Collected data
(* Let $q>1$ and $0<u<1$. For every $N\ge0$ and every partition $\lambda$, the probability that the Young Tableau Algorithm has produced the partition $\lambda$ at the end of interval $N$ equals $P^N_{x,y,0,1/q}(\lambda)$, where $x=(u/q,u/q^2,\dots)$ and $y=(1,1/q,1/q^2,\dots)$; explicitly this is $0$ if $\lambda$ has more than $N$ parts and otherwise $$\frac{u^{|\lambda|}\,(u/q)_N\,(1/q)_N}{(1/q)_{N-\lambda'_1}}\prod_{i\ge1}\frac{1}{q^{(\lambda'_i)^2}(1/q)_{m_i(\lambda)}}.$$
   Context: $(a)_N=(1-a)(1-a/q)\cdots(1-a/q^{N-1})$, $(a)_0=1$. $\lambda'_s$ is the length of column $s$ of $\lambda$ ($0$ if empty); $m_i(\lambda)$ is the number of parts equal to $i$. $P^N_{x,y,0,t}(\lambda)=\frac{P_\lambda(x_1,\dots,x_N,0,\dots;0,t)P_\lambda(y;0,t)b_\lambda(0,t)}{\Pi((x_1,\dots,x_N,0,\dots),y;0,t)}$ (zero if $\lambda$ has more than $N$ parts), where $P_\lambda(\cdot;0,t)$ is the Hall–Littlewood polynomial, $b_\lambda(0,t)=\prod_{s\in\lambda}\frac{1-0^{a(s)}t^{l(s)+1}}{1-0^{a(s)+1}t^{l(s)}}$ ($0^0=1$; $a(s),l(s)$ arm and leg), $\Pi(x,y;0,t)=\prod_{i,j}\frac{1-tx_iy_j}{1-x_iy_j}$. Young Tableau Algorithm: coins indexed by $N\ge1$, coin $N$ showing heads with probability $u/q^N$, all flips independent. Start with $\lambda=\emptyset$, $N=1$. Flip coin $N$. If tails, interval $N$ ends; set $N\to N+1$ and flip the new coin. If heads, choose a column $S\ge1$ with $\Pr(S=1)=\frac{q^{N-\lambda'_1}-1}{q^N-1}$ and $\Pr(S=s)=\frac{q^{N-\lambda'_s}-q^{N-\lambda'_{s-1}}}{q^N-1}$ for $s>1$ (computed from the current $\lambda$), add one box at the bottom of column $S$, and flip coin $N$ again. *)

theory Defs
  imports Complex_Main
begin

definition is_partition :: "nat list \<Rightarrow> bool" where
  "is_partition lam \<longleftrightarrow> sorted_wrt (\<ge>) lam \<and> 0 \<notin> set lam"

definition size_part :: "nat list \<Rightarrow> nat" where
  "size_part lam = sum_list lam"

definition first_part :: "nat list \<Rightarrow> nat" where
  "first_part lam = (case lam of [] \<Rightarrow> 0 | x # _ \<Rightarrow> x)"

definition conj_part :: "nat list \<Rightarrow> nat \<Rightarrow> nat" where
  "conj_part lam s = length (filter (\<lambda>x. s \<le> x) lam)"

definition mult_part :: "nat list \<Rightarrow> nat \<Rightarrow> nat" where
  "mult_part lam i = count_list lam i"

definition qpoch :: "real \<Rightarrow> real \<Rightarrow> nat \<Rightarrow> real" where
  "qpoch q a N = (\<Prod>k<N. 1 - a / q ^ k)"

text \<open>Add one box at the bottom of column s.\<close>
definition add_box :: "nat list \<Rightarrow> nat \<Rightarrow> nat list" where
  "add_box lam s = (let c = conj_part lam s in
     if c < length lam then lam[c := lam ! c + 1] else lam @ [1])"

text \<open>Probability that, during interval N with current partition lam, column s is chosen.\<close>
definition col_prob :: "real \<Rightarrow> nat \<Rightarrow> nat list \<Rightarrow> nat \<Rightarrow> real" where
  "col_prob q N lam s =
     (if s = 1 then (q powi (int N - int (conj_part lam 1)) - 1) / (q ^ N - 1)
      else (q powi (int N - int (conj_part lam s)) - q powi (int N - int (conj_part lam (s - 1))))
             / (q ^ N - 1))"

text \<open>Probability that, during interval N, starting from mu, the next k coin flips are heads
  and the resulting partition is lam.  Columns s > first_part mu + 1 have probability 0
  and are omitted from the sum.\<close>
fun heads_walk :: "real \<Rightarrow> real \<Rightarrow> nat \<Rightarrow> nat \<Rightarrow> nat list \<Rightarrow> nat list \<Rightarrow> real" where
  "heads_walk q u N 0 mu lam = (if mu = lam then 1 else 0)"
| "heads_walk q u N (Suc k) mu lam =
     (\<Sum>s\<in>{1..first_part mu + 1}. (u / q ^ N) * col_prob q N mu s
        * heads_walk q u N k (add_box mu s) lam)"

text \<open>Transition probability over interval N: some number k of heads followed by a tail.\<close>
definition interval_kernel :: "real \<Rightarrow> real \<Rightarrow> nat \<Rightarrow> nat list \<Rightarrow> nat list \<Rightarrow> real" where
  "interval_kernel q u N mu lam = (\<Sum>k. heads_walk q u N k mu lam * (1 - u / q ^ N))"

text \<open>Probability that the algorithm has produced lam at the end of interval N
  (end of interval 0 = initial empty partition).  Only partitions mu with
  |mu| \<le> |lam| can lead to lam, so the sum is restricted to these.\<close>
fun yta_dist :: "real \<Rightarrow> real \<Rightarrow> nat \<Rightarrow> nat list \<Rightarrow> real" where
  "yta_dist q u 0 lam = (if lam = [] then 1 else 0)"
| "yta_dist q u (Suc N) lam =
     (\<Sum>mu\<in>{mu. is_partition mu \<and> size_part mu \<le> size_part lam}.
        yta_dist q u N mu * interval_kernel q u (Suc N) mu lam)"

end

theory Submission
  imports Defs
begin

(* Given that interval N ends with the distribution F_N of the closed formula,
   the probability W(lam) that the walk of interval N+1 ever visits lam satisfies
   W(lam) = F_N(lam) + sum_mu W(mu) h(mu, lam), mu one box smaller and h the one-step heads
   probability, and the walk stops at lam with probability (1 - u/q^(N+1)) W(lam).  So it suffices
   that F_(N+1) solves the same recursion:
     F_(N+1)(lam) = (1 - u/q^(N+1)) F_N(lam) + sum_mu F_(N+1)(mu) h(mu, lam).
   In terms of the conjugate partition, removing the box at the bottom of column s contributes
   F_(N+1)(lam) (q^lam'_s - q^lam'_(s+1)) / (q^(N+1) - 1); these telescope to
   F_(N+1)(lam) (q^lam'_1 - 1) / (q^(N+1) - 1), and the first term supplies the missing
   F_(N+1)(lam) (q^(N+1) - q^lam'_1) / (q^(N+1) - 1). *)

lemma length_le_sum_list: "0 \<notin> set xs \<Longrightarrow> length xs \<le> sum_list xs"
  by (induction xs) (auto simp: Suc_le_eq)

lemma prod_remove2:
  "finite I \<Longrightarrow> a \<in> I \<Longrightarrow> b \<in> I \<Longrightarrow> a \<noteq> b \<Longrightarrow> prod f I = f a * f b * prod f (I - {a, b})"
proof -
  assume I: "finite I" and ab: "a \<in> I" "b \<in> I" "a \<noteq> b"
  have "prod f I = f a * prod f (I - {a})" using I ab(1) by (rule prod.remove)
  also have "prod f (I - {a}) = f b * prod f (I - {a} - {b})" using I ab by (intro prod.remove) auto
  also have "I - {a} - {b} = I - {a, b}" by auto
  finally show ?thesis by (simp add: mult.assoc)
qed

lemma power_int_diff_nat: "c \<le> M \<Longrightarrow> (q::real) powi (int M - int c) = q ^ (M - c)"
  by (simp add: power_int_def nat_diff_distrib)

section \<open>Conjugate partitions\<close>

lemma conj_part_Nil [simp]: "conj_part [] t = 0"
  by (simp add: conj_part_def)

lemma conj_part_Cons: "conj_part (x # xs) t = (if t \<le> x then Suc (conj_part xs t) else conj_part xs t)"
  by (simp add: conj_part_def)

lemma conj_part_append: "conj_part (xs @ ys) t = conj_part xs t + conj_part ys t"
  by (simp add: conj_part_def)

lemma conj_part_le_length: "conj_part a t \<le> length a"
  by (simp add: conj_part_def)

lemma conj_part_1: "0 \<notin> set a \<Longrightarrow> conj_part a 1 = length a"
  by (induction a) (auto simp: conj_part_Cons)

lemma conj_part_antimono: "s \<le> t \<Longrightarrow> conj_part a t \<le> conj_part a s"
  by (induction a) (auto simp: conj_part_Cons)

lemma le_nth_iff_less_conj_part:
  assumes "sorted_wrt (\<ge>) a" and "i < length a"
  shows "t \<le> a ! i \<longleftrightarrow> i < conj_part a t"
  using assms
proof (induction a arbitrary: i)
  case (Cons x xs)
  show ?case
  proof (cases "t \<le> x")
    case True
    then show ?thesis using Cons by (cases i) (auto simp: conj_part_Cons)
  next
    case False
    then have small: "\<forall>y\<in>set (x # xs). y < t" using Cons.prems(1) by auto
    then have "conj_part (x # xs) t = 0" by (auto simp: conj_part_def filter_empty_conv)
    moreover have "(x # xs) ! i < t" using small Cons.prems(2) by (meson nth_mem)
    ultimately show ?thesis by simp
  qed
qed simp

● Description of the task: One stretch of the lines above is wanted, from the line that contains "is_partition mu \<and>" through the line that contains "by (rule prod.remove)". Output it exactly.

● Written solution:
     (\<Sum>mu\<in>{mu. is_partition mu \<and> size_part mu \<le> size_part lam}.
        yta_dist q u N mu * interval_kernel q u (Suc N) mu lam)"

end

theory Submission
  imports Defs
begin

(* Given that interval N ends with the distribution F_N of the closed formula,
   the probability W(lam) that the walk of interval N+1 ever visits lam satisfies
   W(lam) = F_N(lam) + sum_mu W(mu) h(mu, lam), mu one box smaller and h the one-step heads
   probability, and the walk stops at lam with probability (1 - u/q^(N+1)) W(lam).  So it suffices
   that F_(N+1) solves the same recursion:
     F_(N+1)(lam) = (1 - u/q^(N+1)) F_N(lam) + sum_mu F_(N+1)(mu) h(mu, lam).
   In terms of the conjugate partition, removing the box at the bottom of column s contributes
   F_(N+1)(lam) (q^lam'_s - q^lam'_(s+1)) / (q^(N+1) - 1); these telescope to
   F_(N+1)(lam) (q^lam'_1 - 1) / (q^(N+1) - 1), and the first term supplies the missing
   F_(N+1)(lam) (q^(N+1) - q^lam'_1) / (q^(N+1) - 1). *)

lemma length_le_sum_list: "0 \<notin> set xs \<Longrightarrow> length xs \<le> sum_list xs"
  by (induction xs) (auto simp: Suc_le_eq)

lemma prod_remove2:
  "finite I \<Longrightarrow> a \<in> I \<Longrightarrow> b \<in> I \<Longrightarrow> a \<noteq> b \<Longrightarrow> prod f I = f a * f b * prod f (I - {a, b})"
proof -
  assume I: "finite I" and ab: "a \<in> I" "b \<in> I" "a \<noteq> b"
  have "prod f I = f a * prod f (I - {a})" using I ab(1) by (rule prod.remove)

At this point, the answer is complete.